To do.
List every line below containing "False".

Dataset entries
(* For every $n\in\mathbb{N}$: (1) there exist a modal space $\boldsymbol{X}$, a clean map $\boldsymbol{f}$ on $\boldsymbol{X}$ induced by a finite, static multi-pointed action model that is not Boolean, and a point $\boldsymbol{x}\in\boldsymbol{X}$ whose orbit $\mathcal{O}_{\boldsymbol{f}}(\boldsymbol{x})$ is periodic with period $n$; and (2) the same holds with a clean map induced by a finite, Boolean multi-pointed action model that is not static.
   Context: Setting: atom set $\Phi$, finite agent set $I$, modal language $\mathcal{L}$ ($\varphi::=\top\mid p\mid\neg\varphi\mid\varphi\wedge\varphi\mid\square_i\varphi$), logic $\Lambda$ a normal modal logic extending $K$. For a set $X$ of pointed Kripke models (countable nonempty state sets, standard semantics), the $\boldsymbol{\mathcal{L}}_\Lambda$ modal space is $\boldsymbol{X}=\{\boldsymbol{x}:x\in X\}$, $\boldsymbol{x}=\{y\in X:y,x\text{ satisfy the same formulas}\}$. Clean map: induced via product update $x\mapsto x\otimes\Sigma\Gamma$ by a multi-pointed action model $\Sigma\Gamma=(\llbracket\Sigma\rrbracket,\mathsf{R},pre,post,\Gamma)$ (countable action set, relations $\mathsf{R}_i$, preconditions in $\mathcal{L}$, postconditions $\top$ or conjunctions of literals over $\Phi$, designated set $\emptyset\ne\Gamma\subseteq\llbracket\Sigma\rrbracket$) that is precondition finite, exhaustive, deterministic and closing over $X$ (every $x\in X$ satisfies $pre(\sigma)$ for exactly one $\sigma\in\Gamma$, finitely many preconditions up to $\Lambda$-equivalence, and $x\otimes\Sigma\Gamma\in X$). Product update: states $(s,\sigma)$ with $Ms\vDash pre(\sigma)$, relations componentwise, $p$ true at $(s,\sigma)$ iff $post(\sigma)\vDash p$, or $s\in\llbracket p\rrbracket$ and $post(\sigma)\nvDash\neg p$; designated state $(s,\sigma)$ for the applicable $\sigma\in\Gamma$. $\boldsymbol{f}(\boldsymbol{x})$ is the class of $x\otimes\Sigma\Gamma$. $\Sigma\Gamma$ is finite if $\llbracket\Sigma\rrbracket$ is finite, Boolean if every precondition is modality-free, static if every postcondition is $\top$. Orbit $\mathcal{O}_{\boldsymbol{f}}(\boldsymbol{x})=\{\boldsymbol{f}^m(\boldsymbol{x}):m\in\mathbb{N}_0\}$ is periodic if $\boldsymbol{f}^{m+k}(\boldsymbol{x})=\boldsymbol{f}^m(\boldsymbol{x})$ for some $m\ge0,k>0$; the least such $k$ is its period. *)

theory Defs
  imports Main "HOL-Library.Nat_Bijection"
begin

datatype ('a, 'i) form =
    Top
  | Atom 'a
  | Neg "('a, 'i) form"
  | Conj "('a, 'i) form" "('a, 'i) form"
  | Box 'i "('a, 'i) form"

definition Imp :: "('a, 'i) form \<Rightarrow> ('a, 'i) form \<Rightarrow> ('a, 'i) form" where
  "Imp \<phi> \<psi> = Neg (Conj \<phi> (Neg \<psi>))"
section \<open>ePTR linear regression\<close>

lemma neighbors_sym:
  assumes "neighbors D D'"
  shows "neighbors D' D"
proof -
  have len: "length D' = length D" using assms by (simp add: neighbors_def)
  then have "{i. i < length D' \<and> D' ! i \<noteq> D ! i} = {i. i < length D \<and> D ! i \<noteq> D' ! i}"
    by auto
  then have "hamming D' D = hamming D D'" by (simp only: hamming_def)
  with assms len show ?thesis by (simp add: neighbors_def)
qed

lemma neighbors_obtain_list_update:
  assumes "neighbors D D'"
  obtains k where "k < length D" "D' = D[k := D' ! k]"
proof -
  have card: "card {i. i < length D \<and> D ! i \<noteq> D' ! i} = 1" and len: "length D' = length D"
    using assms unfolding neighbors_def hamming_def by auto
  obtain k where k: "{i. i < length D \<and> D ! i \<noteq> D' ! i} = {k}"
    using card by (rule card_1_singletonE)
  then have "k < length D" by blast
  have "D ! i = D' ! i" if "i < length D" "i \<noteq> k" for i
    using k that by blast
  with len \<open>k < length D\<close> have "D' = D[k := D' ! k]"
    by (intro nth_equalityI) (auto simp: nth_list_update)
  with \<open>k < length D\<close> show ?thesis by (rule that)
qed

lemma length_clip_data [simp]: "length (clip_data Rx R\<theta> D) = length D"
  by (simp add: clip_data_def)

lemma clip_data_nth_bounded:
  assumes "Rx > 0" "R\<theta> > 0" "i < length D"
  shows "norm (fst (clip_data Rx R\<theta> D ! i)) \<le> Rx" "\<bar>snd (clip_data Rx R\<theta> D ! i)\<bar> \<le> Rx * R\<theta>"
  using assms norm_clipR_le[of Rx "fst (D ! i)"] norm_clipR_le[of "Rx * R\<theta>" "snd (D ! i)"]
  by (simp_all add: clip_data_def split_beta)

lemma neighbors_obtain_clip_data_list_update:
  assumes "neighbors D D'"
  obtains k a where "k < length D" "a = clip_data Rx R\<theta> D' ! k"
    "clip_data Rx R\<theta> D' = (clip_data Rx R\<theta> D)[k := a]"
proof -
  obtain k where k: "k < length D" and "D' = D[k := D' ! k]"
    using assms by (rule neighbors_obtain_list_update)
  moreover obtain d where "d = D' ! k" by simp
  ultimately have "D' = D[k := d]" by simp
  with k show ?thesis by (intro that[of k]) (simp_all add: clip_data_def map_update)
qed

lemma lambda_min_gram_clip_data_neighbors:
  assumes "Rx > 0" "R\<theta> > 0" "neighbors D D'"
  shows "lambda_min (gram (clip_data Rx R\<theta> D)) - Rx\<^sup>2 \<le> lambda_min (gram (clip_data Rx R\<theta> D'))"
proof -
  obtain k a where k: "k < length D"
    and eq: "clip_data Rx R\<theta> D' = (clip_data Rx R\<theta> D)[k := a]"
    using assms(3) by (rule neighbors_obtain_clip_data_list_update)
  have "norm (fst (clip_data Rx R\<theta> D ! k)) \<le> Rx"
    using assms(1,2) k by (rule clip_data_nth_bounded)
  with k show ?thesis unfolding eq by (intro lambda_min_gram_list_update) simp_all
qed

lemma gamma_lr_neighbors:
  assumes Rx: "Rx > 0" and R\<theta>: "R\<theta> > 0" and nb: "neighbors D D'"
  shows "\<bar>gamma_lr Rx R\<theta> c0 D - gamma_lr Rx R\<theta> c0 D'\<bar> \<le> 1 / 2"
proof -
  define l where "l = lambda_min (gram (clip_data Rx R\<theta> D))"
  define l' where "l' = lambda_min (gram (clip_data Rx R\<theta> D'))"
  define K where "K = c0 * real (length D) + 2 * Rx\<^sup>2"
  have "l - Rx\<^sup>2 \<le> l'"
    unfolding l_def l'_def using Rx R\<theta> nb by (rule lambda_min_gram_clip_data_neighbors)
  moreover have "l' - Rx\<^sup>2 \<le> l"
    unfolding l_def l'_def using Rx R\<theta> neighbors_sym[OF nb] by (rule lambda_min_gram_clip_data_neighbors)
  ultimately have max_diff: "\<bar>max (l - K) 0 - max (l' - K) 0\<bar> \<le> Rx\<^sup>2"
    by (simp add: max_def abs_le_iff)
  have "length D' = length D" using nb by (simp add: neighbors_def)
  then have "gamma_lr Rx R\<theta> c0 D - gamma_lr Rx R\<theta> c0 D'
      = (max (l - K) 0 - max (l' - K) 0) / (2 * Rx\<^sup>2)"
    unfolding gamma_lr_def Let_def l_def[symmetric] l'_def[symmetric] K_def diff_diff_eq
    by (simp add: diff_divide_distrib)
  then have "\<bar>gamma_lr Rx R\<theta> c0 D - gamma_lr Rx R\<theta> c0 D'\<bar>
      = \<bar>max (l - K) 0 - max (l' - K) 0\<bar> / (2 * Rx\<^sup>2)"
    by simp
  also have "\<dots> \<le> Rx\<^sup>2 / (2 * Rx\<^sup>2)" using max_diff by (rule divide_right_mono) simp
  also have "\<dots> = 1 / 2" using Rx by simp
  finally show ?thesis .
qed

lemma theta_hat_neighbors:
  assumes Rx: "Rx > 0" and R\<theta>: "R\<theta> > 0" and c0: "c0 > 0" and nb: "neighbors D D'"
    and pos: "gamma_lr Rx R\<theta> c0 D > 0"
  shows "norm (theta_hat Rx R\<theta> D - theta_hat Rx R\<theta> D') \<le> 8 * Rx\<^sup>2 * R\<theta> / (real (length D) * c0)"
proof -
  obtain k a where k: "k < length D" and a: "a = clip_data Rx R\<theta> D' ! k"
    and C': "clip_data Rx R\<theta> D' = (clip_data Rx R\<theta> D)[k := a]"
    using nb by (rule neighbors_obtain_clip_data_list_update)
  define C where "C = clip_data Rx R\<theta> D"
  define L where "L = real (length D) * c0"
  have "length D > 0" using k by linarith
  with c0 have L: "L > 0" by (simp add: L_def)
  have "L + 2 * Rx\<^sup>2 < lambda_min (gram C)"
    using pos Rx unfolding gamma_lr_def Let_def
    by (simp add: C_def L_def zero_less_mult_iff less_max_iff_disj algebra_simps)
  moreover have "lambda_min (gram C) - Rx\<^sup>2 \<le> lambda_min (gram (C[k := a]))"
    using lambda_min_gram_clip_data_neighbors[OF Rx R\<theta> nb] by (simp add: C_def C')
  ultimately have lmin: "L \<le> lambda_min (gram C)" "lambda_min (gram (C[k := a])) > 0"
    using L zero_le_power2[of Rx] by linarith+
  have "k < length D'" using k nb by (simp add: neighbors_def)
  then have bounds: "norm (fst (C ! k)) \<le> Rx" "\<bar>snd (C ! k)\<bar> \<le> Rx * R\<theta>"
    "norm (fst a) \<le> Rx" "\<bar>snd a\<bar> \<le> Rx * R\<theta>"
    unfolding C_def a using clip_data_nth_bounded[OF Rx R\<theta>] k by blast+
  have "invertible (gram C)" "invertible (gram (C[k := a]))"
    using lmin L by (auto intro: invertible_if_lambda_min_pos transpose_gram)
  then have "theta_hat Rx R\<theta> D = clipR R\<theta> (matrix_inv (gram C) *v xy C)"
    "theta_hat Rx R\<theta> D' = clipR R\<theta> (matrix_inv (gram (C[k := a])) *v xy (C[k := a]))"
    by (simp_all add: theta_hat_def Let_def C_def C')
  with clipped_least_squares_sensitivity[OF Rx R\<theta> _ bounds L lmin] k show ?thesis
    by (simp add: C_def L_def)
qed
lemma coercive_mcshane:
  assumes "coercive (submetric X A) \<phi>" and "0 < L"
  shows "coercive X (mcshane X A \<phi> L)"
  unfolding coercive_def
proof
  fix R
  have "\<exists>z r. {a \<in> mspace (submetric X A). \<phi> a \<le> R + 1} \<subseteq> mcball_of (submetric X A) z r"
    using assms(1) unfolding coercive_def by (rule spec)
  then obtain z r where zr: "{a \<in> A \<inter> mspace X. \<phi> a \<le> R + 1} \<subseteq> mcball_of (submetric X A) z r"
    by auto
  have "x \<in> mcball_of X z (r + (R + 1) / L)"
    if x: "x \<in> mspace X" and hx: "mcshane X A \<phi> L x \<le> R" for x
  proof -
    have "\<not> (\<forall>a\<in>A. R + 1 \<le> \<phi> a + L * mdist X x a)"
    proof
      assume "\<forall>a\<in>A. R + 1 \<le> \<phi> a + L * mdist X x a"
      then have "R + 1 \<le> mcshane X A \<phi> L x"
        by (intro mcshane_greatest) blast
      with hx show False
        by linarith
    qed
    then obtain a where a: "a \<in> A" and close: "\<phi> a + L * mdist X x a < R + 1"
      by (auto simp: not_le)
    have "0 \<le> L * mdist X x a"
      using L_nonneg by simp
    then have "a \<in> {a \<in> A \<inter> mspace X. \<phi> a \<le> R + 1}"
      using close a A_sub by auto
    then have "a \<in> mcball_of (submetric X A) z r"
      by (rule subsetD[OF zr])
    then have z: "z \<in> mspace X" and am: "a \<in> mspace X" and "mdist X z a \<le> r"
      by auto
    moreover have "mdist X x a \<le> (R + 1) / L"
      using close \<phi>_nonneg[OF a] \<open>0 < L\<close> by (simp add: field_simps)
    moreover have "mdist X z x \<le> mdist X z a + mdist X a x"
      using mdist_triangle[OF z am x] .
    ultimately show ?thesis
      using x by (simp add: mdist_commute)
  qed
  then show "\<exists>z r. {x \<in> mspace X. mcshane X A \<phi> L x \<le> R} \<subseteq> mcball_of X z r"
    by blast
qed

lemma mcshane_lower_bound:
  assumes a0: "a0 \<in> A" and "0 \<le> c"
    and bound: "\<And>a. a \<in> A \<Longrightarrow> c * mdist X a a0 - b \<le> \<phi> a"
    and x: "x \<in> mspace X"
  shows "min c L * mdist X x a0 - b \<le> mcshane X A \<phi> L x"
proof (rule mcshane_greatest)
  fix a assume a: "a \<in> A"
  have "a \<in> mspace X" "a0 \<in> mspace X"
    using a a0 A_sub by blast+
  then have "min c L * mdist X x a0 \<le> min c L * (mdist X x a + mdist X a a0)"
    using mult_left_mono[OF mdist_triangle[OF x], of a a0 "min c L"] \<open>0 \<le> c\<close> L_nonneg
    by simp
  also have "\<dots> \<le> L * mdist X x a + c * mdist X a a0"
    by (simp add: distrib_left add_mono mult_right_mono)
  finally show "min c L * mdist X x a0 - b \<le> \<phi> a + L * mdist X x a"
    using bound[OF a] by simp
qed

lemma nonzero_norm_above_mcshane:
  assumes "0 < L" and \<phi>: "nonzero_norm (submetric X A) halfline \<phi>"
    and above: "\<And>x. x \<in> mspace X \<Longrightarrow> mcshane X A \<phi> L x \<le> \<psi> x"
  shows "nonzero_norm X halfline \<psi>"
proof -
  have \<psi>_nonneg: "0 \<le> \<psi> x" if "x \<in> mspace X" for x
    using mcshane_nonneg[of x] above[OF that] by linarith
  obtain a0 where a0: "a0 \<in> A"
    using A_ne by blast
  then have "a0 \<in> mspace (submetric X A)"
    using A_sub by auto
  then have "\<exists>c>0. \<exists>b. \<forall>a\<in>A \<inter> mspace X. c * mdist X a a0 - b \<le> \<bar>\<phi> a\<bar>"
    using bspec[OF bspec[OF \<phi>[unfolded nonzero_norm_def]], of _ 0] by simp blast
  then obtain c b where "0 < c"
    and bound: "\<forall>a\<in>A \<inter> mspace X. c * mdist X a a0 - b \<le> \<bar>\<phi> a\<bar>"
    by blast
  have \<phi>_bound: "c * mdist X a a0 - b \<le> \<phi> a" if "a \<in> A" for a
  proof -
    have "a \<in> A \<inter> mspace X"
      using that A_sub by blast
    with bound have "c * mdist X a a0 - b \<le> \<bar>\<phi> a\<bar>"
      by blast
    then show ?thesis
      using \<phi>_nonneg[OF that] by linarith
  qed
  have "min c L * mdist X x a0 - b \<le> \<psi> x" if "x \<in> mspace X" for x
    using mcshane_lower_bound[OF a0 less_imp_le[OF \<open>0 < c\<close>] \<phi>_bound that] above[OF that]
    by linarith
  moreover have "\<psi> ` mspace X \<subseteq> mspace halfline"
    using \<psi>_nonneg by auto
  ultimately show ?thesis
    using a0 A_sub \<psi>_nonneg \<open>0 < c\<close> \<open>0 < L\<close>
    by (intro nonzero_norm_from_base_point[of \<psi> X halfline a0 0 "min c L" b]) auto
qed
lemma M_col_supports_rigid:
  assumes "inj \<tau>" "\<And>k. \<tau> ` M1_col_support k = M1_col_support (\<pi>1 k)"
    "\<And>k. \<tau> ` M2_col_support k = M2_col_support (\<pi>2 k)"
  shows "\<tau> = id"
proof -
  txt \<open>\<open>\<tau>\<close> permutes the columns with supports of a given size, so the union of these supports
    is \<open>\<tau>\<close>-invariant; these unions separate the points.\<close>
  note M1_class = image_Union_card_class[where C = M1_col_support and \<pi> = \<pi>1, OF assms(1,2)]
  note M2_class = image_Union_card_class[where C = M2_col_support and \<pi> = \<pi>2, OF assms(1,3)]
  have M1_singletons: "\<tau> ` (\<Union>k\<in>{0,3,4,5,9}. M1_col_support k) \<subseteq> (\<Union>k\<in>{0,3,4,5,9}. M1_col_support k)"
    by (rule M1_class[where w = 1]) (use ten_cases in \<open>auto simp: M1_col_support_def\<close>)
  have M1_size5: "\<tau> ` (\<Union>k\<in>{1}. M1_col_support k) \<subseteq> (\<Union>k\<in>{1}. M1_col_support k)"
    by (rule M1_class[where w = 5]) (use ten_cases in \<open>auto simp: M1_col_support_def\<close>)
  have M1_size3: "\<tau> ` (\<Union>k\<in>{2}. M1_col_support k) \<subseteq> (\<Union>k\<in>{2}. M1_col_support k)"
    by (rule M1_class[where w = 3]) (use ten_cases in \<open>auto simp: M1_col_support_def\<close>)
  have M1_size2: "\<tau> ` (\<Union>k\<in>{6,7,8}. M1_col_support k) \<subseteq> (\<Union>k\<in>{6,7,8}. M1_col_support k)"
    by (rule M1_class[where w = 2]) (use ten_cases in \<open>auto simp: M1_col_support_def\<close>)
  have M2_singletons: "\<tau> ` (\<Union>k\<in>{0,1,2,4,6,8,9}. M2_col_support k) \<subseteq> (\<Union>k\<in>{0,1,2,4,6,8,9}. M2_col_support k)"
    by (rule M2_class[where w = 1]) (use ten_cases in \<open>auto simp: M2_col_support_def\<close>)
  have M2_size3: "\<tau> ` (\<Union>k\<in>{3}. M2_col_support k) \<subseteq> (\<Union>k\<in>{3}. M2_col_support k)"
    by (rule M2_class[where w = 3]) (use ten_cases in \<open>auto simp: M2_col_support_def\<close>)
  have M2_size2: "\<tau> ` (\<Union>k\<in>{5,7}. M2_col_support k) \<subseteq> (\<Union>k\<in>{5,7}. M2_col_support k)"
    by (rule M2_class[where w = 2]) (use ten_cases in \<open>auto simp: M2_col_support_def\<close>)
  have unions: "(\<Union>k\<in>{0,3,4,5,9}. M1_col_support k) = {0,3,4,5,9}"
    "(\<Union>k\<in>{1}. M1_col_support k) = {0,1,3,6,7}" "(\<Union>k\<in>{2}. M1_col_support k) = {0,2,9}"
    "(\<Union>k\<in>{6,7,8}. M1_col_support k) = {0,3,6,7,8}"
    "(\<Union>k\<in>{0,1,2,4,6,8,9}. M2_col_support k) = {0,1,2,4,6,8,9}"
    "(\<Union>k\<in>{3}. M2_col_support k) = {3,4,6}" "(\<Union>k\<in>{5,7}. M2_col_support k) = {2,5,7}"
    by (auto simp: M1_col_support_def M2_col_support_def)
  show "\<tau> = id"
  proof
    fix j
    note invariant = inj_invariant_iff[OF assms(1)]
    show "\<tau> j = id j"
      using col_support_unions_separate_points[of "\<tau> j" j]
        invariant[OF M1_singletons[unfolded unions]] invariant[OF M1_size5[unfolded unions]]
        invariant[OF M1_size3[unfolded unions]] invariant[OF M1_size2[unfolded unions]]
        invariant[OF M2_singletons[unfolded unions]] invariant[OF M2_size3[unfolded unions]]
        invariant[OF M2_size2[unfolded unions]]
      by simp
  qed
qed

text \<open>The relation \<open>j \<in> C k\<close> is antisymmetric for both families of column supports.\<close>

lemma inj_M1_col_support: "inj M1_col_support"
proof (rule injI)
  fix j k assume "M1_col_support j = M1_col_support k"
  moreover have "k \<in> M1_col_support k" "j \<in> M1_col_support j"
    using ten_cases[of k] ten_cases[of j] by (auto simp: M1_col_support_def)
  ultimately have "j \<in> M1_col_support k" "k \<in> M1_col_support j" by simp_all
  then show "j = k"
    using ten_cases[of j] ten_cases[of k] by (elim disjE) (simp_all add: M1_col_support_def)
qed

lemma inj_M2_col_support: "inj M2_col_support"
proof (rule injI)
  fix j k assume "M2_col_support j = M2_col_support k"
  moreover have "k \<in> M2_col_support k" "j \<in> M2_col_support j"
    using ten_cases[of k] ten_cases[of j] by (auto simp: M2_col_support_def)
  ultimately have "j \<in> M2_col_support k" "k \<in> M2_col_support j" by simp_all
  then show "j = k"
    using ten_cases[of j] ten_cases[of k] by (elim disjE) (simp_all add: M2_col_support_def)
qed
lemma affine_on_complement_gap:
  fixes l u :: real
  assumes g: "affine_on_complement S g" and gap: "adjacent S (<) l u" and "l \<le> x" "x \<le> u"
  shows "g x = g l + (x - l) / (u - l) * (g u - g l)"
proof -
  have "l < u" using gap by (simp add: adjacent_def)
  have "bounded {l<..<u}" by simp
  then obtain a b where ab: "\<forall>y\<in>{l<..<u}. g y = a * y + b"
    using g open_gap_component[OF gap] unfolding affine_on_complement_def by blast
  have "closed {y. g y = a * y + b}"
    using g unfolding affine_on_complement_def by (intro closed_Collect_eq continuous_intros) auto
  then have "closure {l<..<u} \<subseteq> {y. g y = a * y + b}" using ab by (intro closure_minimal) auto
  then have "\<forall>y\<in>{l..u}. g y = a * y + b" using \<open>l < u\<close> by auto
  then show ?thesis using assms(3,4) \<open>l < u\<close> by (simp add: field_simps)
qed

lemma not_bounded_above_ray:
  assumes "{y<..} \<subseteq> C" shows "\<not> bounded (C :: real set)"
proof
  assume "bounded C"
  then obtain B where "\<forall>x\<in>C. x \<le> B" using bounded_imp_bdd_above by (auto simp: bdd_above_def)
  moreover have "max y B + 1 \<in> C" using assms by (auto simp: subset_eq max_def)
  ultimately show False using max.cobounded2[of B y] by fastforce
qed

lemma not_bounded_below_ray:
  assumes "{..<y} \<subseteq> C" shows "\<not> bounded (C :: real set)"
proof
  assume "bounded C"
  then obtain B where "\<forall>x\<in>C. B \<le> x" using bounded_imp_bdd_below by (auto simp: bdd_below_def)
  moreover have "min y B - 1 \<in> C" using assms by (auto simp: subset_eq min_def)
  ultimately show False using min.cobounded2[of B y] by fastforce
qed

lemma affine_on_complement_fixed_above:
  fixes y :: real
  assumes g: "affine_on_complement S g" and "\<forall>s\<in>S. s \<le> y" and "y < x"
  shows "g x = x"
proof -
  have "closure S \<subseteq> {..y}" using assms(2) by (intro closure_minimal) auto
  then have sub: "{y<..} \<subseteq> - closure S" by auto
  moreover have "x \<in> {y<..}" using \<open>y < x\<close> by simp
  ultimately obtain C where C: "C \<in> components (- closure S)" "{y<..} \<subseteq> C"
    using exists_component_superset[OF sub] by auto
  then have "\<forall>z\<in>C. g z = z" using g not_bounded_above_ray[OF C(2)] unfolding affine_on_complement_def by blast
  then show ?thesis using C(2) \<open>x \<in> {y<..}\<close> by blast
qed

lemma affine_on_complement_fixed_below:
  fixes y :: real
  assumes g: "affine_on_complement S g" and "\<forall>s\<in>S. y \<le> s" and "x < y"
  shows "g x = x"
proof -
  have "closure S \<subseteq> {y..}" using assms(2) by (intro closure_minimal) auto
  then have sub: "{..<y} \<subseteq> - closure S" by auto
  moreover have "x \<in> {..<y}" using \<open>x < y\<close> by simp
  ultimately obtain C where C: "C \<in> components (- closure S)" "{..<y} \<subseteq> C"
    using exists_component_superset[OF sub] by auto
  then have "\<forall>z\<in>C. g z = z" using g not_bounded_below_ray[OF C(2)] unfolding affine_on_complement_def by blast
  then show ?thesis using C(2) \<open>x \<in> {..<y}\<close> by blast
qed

Problem solution.
      with hx show False
  ultimately show False using max.cobounded2[of B y] by fastforce
  ultimately show False using min.cobounded2[of B y] by fastforce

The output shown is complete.